The river ran along the top edge of the crater to the west, not spilling into the crater because of some extensive duct work to divert the water farther away, while keeping its natural course.
The taxi’s winding switchback drive ended a short distance outside the crater. The west side of the crater was relatively clear, a few entrances to the river where boats would dock as well as a small beach that was intended for recreation, but had grown to be a dirty trash heap in most spots along the artificial outcropping. The taxi stopped at this same beach, often called riverside.

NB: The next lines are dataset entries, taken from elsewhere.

lemma disjoint_family_parent_function:
  assumes "pairwise disjnt G" and "\<forall>C\<in>G. C \<noteq> {} \<and> msg_connected S M C"
  obtains rt par where "\<And>C. C \<in> G \<Longrightarrow> rt C \<in> C"
    and "\<And>C v. C \<in> G \<Longrightarrow> v \<in> C - {rt C} \<Longrightarrow> msg_edge S M (par v) v"
    and "\<And>C (f :: nat \<Rightarrow> 'b). C \<in> G \<Longrightarrow> \<forall>v\<in>C - {rt C}. f (par v) = f v \<Longrightarrow>
      \<forall>v\<in>C. f v = f (rt C)"
proof -
  define Rel where "Rel C = {(a, b). a \<in> C \<and> b \<in> C \<and> msg_edge S M a b}" for C
  define rt where "rt C = (SOME r. r \<in> C)" for C :: "nat set"
  have rt: "rt C \<in> C" if "C \<in> G" for C
    using assms(2) that unfolding rt_def by (metis some_in_eq)
  have "\<forall>C\<in>G. \<exists>par. (\<forall>v\<in>C - {rt C}. (par v, v) \<in> Rel C) \<and>
      (\<forall>f :: nat \<Rightarrow> 'b. (\<forall>v\<in>C - {rt C}. f (par v) = f v) \<longrightarrow> (\<forall>v\<in>C. f v = f (rt C)))"
  proof
    fix C assume "C \<in> G"
    have "Rel C \<subseteq> C \<times> C"
      by (auto simp: Rel_def)
    moreover have "\<forall>v\<in>C. (rt C, v) \<in> (Rel C)\<^sup>*"
      using assms(2) rt[OF \<open>C \<in> G\<close>] \<open>C \<in> G\<close> unfolding msg_connected_def Rel_def by blast
    ultimately obtain par where "\<forall>v\<in>C - {rt C}. (par v, v) \<in> Rel C"
      and "\<And>f :: nat \<Rightarrow> 'b. \<forall>v\<in>C - {rt C}. f (par v) = f v \<Longrightarrow> \<forall>v\<in>C. f v = f (rt C)"
      by (rule reachable_parent_function) blast+
    then show "\<exists>par. (\<forall>v\<in>C - {rt C}. (par v, v) \<in> Rel C) \<and>
      (\<forall>f :: nat \<Rightarrow> 'b. (\<forall>v\<in>C - {rt C}. f (par v) = f v) \<longrightarrow> (\<forall>v\<in>C. f v = f (rt C)))"
      by (intro exI[of _ par] conjI allI impI) simp_all
  qed
  from bchoice[OF this] obtain parC where parC: "\<forall>C\<in>G. (\<forall>v\<in>C - {rt C}. (parC C v, v) \<in> Rel C) \<and>
      (\<forall>f :: nat \<Rightarrow> 'b. (\<forall>v\<in>C - {rt C}. f (parC C v) = f v) \<longrightarrow> (\<forall>v\<in>C. f v = f (rt C)))"
    ..
  define par where "par v = parC (THE C. C \<in> G \<and> v \<in> C) v" for v
  have par: "par v = parC C v" if "C \<in> G" "v \<in> C" for C v
  proof -
    have "(THE C. C \<in> G \<and> v \<in> C) = C"
      using assms(1) that by (intro the_equality) (auto simp: pairwise_def disjnt_def)
    then show ?thesis
      by (simp add: par_def)
  qed
  show thesis
  proof (rule that)
    show "rt C \<in> C" if "C \<in> G" for C
      using rt that .
    show "msg_edge S M (par v) v" if "C \<in> G" "v \<in> C - {rt C}" for C v
      using parC par that by (auto simp: Rel_def)
    show "\<forall>v\<in>C. f v = f (rt C)" if "C \<in> G" "\<forall>v\<in>C - {rt C}. f (par v) = f v"
      for C and f :: "nat \<Rightarrow> 'b"
    proof -
      have "\<forall>v\<in>C - {rt C}. f (parC C v) = f v"
        using that par by simp
      with parC \<open>C \<in> G\<close> show ?thesis
        by blast
    qed
  qed
qed
lemma finite_gen_code: "finite (gen_code K J (col :: 'j \<Rightarrow> nat \<Rightarrow> 'a::{finite,field}))"
  unfolding gen_code_eq_image by (simp add: finite_vecs)

lemma codeword_zero [simp]: "codeword K J col 0 = 0"
  by (simp add: codeword_def dotp_def fun_eq_iff)

lemma codeword_diff_scaled:
  "codeword K J col (\<lambda>l. u l - a * u' l) = (\<lambda>j. codeword K J col u j - a * codeword K J col u' j)"
  by (simp add: codeword_def dotp_diff_scaled_left fun_eq_iff)

lemma gen_code_diff_scaled:
  assumes "c \<in> gen_code K J col" "c' \<in> gen_code K J col"
  shows "(\<lambda>j. c j - a * c' j) \<in> gen_code K J col"
  using assms unfolding gen_code_eq_image
  by (auto simp flip: codeword_diff_scaled intro: codeword_in_gen_code[unfolded gen_code_eq_image])

lemma wt_codeword:
  assumes "inj_on col J"
  shows "wt (codeword K J col u) = card (col ` J \<inter> {v. dotp K u v \<noteq> 0})"
proof -
  have "col ` J \<inter> {v. dotp K u v \<noteq> 0} = col ` supp (codeword K J col u)"
    by (auto simp: supp_def codeword_def)
  moreover have "inj_on col (supp (codeword K J col u))"
    using assms by (rule inj_on_subset) (auto simp: supp_def codeword_def split: if_splits)
  ultimately show ?thesis
    by (simp add: wt_def card_image)
qed

lemma sum_apply: "(\<Sum>a\<in>A. f a) x = (\<Sum>a\<in>A. f a x)"
  by (induction A rule: infinite_finite_induct) auto

lemma codeword_unit_vec_expansion:
  "codeword K J col u = (\<Sum>i<K. (\<lambda>j. u i * codeword K J col (unit_vec i) j))"
  by (simp add: codeword_def fun_eq_iff sum_apply dotp_unit_vec_left) (simp add: dotp_def)

lemma code_dim_trivial:
  fixes C :: "('j \<Rightarrow> 'a::field) set"
  assumes "C \<subseteq> {0}"
  shows "code_dim C = 0"
proof -
  interpret V: vector_space "\<lambda>(c::'a) (f::'j \<Rightarrow> 'a). \<lambda>j. c * f j"
    by (rule vector_space_pointwise_scale)
  have "V.dim C = 0"
    by (rule V.dim_unique[of "{}"]) (use assms in \<open>auto simp: V.span_empty V.independent_empty\<close>)
  then show ?thesis
    by (simp add: code_dim_def)
qed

The woman exited the taxi and walked a short distance to the river’s edge, occasionally stepping over trash and broken bottles.
“I am sorry I could not do more, little one.” She said. “I must not perish tonight to keep your memory. May you be brought before the light and spared.” She hugged the child, then placed her back in the basket, lined with rubber to better float.
Then, she gently pushed the basket into the river. It was a calm river, fortunately, and was largely slowed by the alterations done to it this close to the crater’s edge.
“May fate find you home.” The woman said, then stood there for a while watching the basket drift away, a seed finding a place to be planted.
The sun finally peaked over the crater’s edge onto the city, bathing the buildings in a beautiful morning, yellow light. The light shone on the woman’s face, a few tears inching down. A part of her screamed to let the child go, no guarantee she would survive, but somehow, she knew it would be alright, that Fate had all in hands now.
Feeling at peace with what she had done, the woman turned and walked away, determined to walk the long way back to the palace, breathing in the morning air knowing that her actions had purpose, had meaning.